[Recorded data Boundary: Start]

lemma splittings_meet_Diff_singleton:
  assumes "splittings_meet B C" and "\<forall>a\<in>C. a \<le> x"
  shows "splittings_meet (B - {x}) C"
  using assms unfolding splittings_meet_def by fastforce

lemma gapset_filt_set_3_iff:
  assumes "B \<subseteq> {1..n}" and "C \<subseteq> B"
  shows "gapset (filt_set (Suc n) [{1..n}, B, C]) \<longleftrightarrow> splittings_meet B C"
    (is "gapset ?G \<longleftrightarrow> _")
proof
  assume "gapset ?G"
  show "splittings_meet B C" unfolding splittings_meet_def
  proof (intro ballI allI impI)
    fix a b c assume "a \<in> C" and bc: "0 < b \<and> 0 < c \<and> a = b + c"
    then have "2 * Suc n + a \<in> ?G" and "2 * Suc n + a = (Suc n + b) + (Suc n + c)"
      by (simp_all add: mem_filt_set_3)
    with \<open>gapset ?G\<close> have "Suc n + b \<in> ?G \<or> Suc n + c \<in> ?G"
      unfolding gapset_def by blast
    moreover have "b < n" "c < n" using \<open>a \<in> C\<close> bc assms by auto
    ultimately show "b \<in> B \<or> c \<in> B" by (auto simp: mem_filt_set_3)
  qed
next
  assume meet: "splittings_meet B C"
  show "gapset ?G" unfolding gapset_def
  proof (intro conjI ballI allI impI)
    from filt_set_3_subset[OF assms] show "finite ?G" and "0 \<notin> ?G"
      by (auto dest: finite_subset)
  next
    fix z x y assume "z \<in> ?G" and xy: "0 < x \<and> 0 < y \<and> z = x + y"
    show "x \<in> ?G \<or> y \<in> ?G"
    proof (cases "x \<le> n \<or> y \<le> n")
      case True
      with xy have "x \<in> {1..n} \<or> y \<in> {1..n}" by auto
      then show ?thesis unfolding mem_filt_set_3 by blast
    next
      case False
      then obtain b c where x: "x = Suc n + b" and y: "y = Suc n + c"
        by (metis not_less_eq_eq le_iff_add)
      with xy have z: "z = 2 * Suc n + (b + c)" by simp
      with assms(1) have "z \<notin> {1..n}" and "z - Suc n \<notin> B" by auto
      with \<open>z \<in> ?G\<close> z have "b + c \<in> C" unfolding mem_filt_set_3 by simp
      have "b \<in> B \<or> c \<in> B"
      proof (cases "b = 0 \<or> c = 0")
        case True
        with \<open>b + c \<in> C\<close> assms(2) show ?thesis by auto
      next
        case False
        with meet \<open>b + c \<in> C\<close> show ?thesis unfolding splittings_meet_def by force
      qed
      with x y show ?thesis by (auto simp: mem_filt_set_3)
    qed
  qed
qed

lemma gapset_filtration_length_3_iff:
  "length E = 3 \<and> gapset_filtration E \<longleftrightarrow>
     (\<exists>n B C. E = [{1..n}, B, C] \<and> B \<subseteq> {1..n} \<and> C \<subseteq> B \<and> splittings_meet B C)"
proof
  assume "length E = 3 \<and> gapset_filtration E"
  then obtain A B C m where E: "E = [A, B, C]" and "m_filtration m [A, B, C]"
    and gap: "gapset (filt_set m [A, B, C])"
    unfolding length_eq_3_conv gapset_filtration_def by blast
  then have "1 \<le> m" "A = {1..m - 1}" "B \<subseteq> A" "C \<subseteq> B"
    unfolding m_filtration_3 by blast+
  moreover obtain n where "m = Suc n"
    using \<open>1 \<le> m\<close> by (cases m) auto
  ultimately show "\<exists>n B C. E = [{1..n}, B, C] \<and> B \<subseteq> {1..n} \<and> C \<subseteq> B \<and> splittings_meet B C"
    using E gap gapset_filt_set_3_iff by auto
next
  assume "\<exists>n B C. E = [{1..n}, B, C] \<and> B \<subseteq> {1..n} \<and> C \<subseteq> B \<and> splittings_meet B C"
  then obtain n B C where E: "E = [{1..n}, B, C]"
    and sub: "B \<subseteq> {1..n}" "C \<subseteq> B" and "splittings_meet B C"
    by blast
  then have "m_filtration (Suc n) E" and "gapset (filt_set (Suc n) E)"
    using gapset_filt_set_3_iff[OF sub] by (simp_all add: m_filtration_3)
  with E show "length E = 3 \<and> gapset_filtration E" by (auto simp: gapset_filtration_def)
qed

lemma filt_gapset_3: "filt_gapset [{1..n}, B, C] = filt_set (Suc n) [{1..n}, B, C]"
  by (simp add: filt_gapset_def filt_m_def)
section \<open>McDiarmid's inequality\<close>

lemma (in prob_space) Hoeffdings_lemma_oscillation:
  fixes f :: "'a \<Rightarrow> real"
  assumes [measurable]: "f \<in> borel_measurable M" and l: "l > 0"
    and osc: "\<And>x y. x \<in> space M \<Longrightarrow> y \<in> space M \<Longrightarrow> f x - f y \<le> c"
  shows "(\<integral>\<^sup>+x. ennreal (exp (l * (f x - expectation f))) \<partial>M) \<le> ennreal (exp (l\<^sup>2 * c\<^sup>2 / 8))"
proof -
  define a where "a = Inf (f ` space M)"
  obtain y0 where y0: "y0 \<in> space M" using not_empty by blast
  have "bdd_below (f ` space M)"
    using osc[OF y0] by (intro bdd_belowI[of _ "f y0 - c"]) force
  then have "f x \<in> {a..a + c}" if x: "x \<in> space M" for x
  proof -
    have "a \<le> f x" unfolding a_def using x \<open>bdd_below _\<close> by (intro cInf_lower) auto
    moreover have "f x - c \<le> a" unfolding a_def using x osc by (intro cInf_greatest) force+
    ultimately show ?thesis by simp
  qed
  then interpret interval_bounded_random_variable M f a "a + c"
    by unfold_locales (auto intro: AE_I2)
  show ?thesis
    using Hoeffdings_lemma_nn_integral[OF l] by simp
qed

lemma fun_upd_in_space_PiM_lessThan_Suc:
  "x \<in> space (PiM {..<n} (\<lambda>_. M)) \<Longrightarrow> y \<in> space M \<Longrightarrow> x(n:=y) \<in> space (PiM {..<Suc n} (\<lambda>_. M))"
  unfolding space_PiM lessThan_Suc by (rule PiE_fun_upd)

lemma measurable_fun_upd_last:
  assumes [measurable]: "f \<in> borel_measurable (PiM {..<Suc n} (\<lambda>_. M))"
    and x: "x \<in> space (PiM {..<n} (\<lambda>_. M))"
  shows "(\<lambda>y. f (x(n:=y))) \<in> borel_measurable M"
proof -
  have "(\<lambda>(x, y). f (x(n:=y))) \<in> borel_measurable (PiM {..<n} (\<lambda>_. M) \<Otimes>\<^sub>M M)"
    by (measurable, simp add: lessThan_Suc)
  then show ?thesis using x by measurable
qed

lemma bounded_differences_integral_last:
  fixes f :: "(nat \<Rightarrow> 'a) \<Rightarrow> real"
  assumes M: "prob_space M"
    and f[measurable]: "f \<in> borel_measurable (PiM {..<Suc n} (\<lambda>_. M))"
    and fB: "\<And>x. x \<in> space (PiM {..<Suc n} (\<lambda>_. M)) \<Longrightarrow> \<bar>f x\<bar> \<le> B"
    and fd: "\<And>x i y. x \<in> space (PiM {..<Suc n} (\<lambda>_. M)) \<Longrightarrow> i < Suc n \<Longrightarrow> y \<in> space M \<Longrightarrow>
               \<bar>f x - f (x(i:=y))\<bar> \<le> c"
  defines "g \<equiv> \<lambda>x. \<integral>y. f (x(n:=y)) \<partial>M"
  shows "g \<in> borel_measurable (PiM {..<n} (\<lambda>_. M))"
    and "\<And>x. x \<in> space (PiM {..<n} (\<lambda>_. M)) \<Longrightarrow> \<bar>g x\<bar> \<le> B"
    and "\<And>x i z. x \<in> space (PiM {..<n} (\<lambda>_. M)) \<Longrightarrow> i < n \<Longrightarrow> z \<in> space M \<Longrightarrow>
               \<bar>g x - g (x(i:=z))\<bar> \<le> c"
proof -
  interpret M: prob_space M by (rule M)
  note upd = fun_upd_in_space_PiM_lessThan_Suc
  have slice: "integrable M (\<lambda>y. f (x(n:=y)))" if "x \<in> space (PiM {..<n} (\<lambda>_. M))" for x
    using that by (intro integrable_bounded_prob[OF M measurable_fun_upd_last[OF f], where B=B] fB upd)
  show "g \<in> borel_measurable (PiM {..<n} (\<lambda>_. M))"
    unfolding g_def by (measurable, simp add: lessThan_Suc)
  show "\<bar>g x\<bar> \<le> B" if x: "x \<in> space (PiM {..<n} (\<lambda>_. M))" for x
    unfolding g_def
    using x slice by (intro order_trans[OF integral_abs_bound] M.integral_le_const AE_I2) (auto intro!: fB upd)
  show "\<bar>g x - g (x(i:=z))\<bar> \<le> c"
    if x: "x \<in> space (PiM {..<n} (\<lambda>_. M))" and i: "i < n" and z: "z \<in> space M" for x i z
  proof -
    have xz: "x(i:=z) \<in> space (PiM {..<n} (\<lambda>_. M))"
      using x z i unfolding space_PiM by (auto simp: PiE_iff extensional_def)
    have swap: "(x(i:=z))(n:=y) = (x(n:=y))(i:=z)" for y
      using i by (auto simp: fun_eq_iff)
    have "g x - g (x(i:=z)) = (\<integral>y. f (x(n:=y)) - f ((x(n:=y))(i:=z)) \<partial>M)"
      unfolding g_def swap[symmetric] using slice[OF x] slice[OF xz] by simp
    also have "\<bar>\<dots>\<bar> \<le> c"
      using slice[OF x] slice[OF xz] upd[OF x] i z unfolding swap[symmetric]
      by (intro order_trans[OF integral_abs_bound] M.integral_le_const AE_I2)
         (auto simp: swap intro!: fd)
    finally show ?thesis .
  qed
qed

[Recorded data Boundary: End]

■ Task statement
Give an exact copy of the lines above from the line with "unfolding gapset_def by blast" up to and including the line with "proof (intro conjI ballI allI impI)", and leave everything else out.

■ Response below
      unfolding gapset_def by blast
    moreover have "b < n" "c < n" using \<open>a \<in> C\<close> bc assms by auto
    ultimately show "b \<in> B \<or> c \<in> B" by (auto simp: mem_filt_set_3)
  qed
next
  assume meet: "splittings_meet B C"
  show "gapset ?G" unfolding gapset_def
  proof (intro conjI ballI allI impI)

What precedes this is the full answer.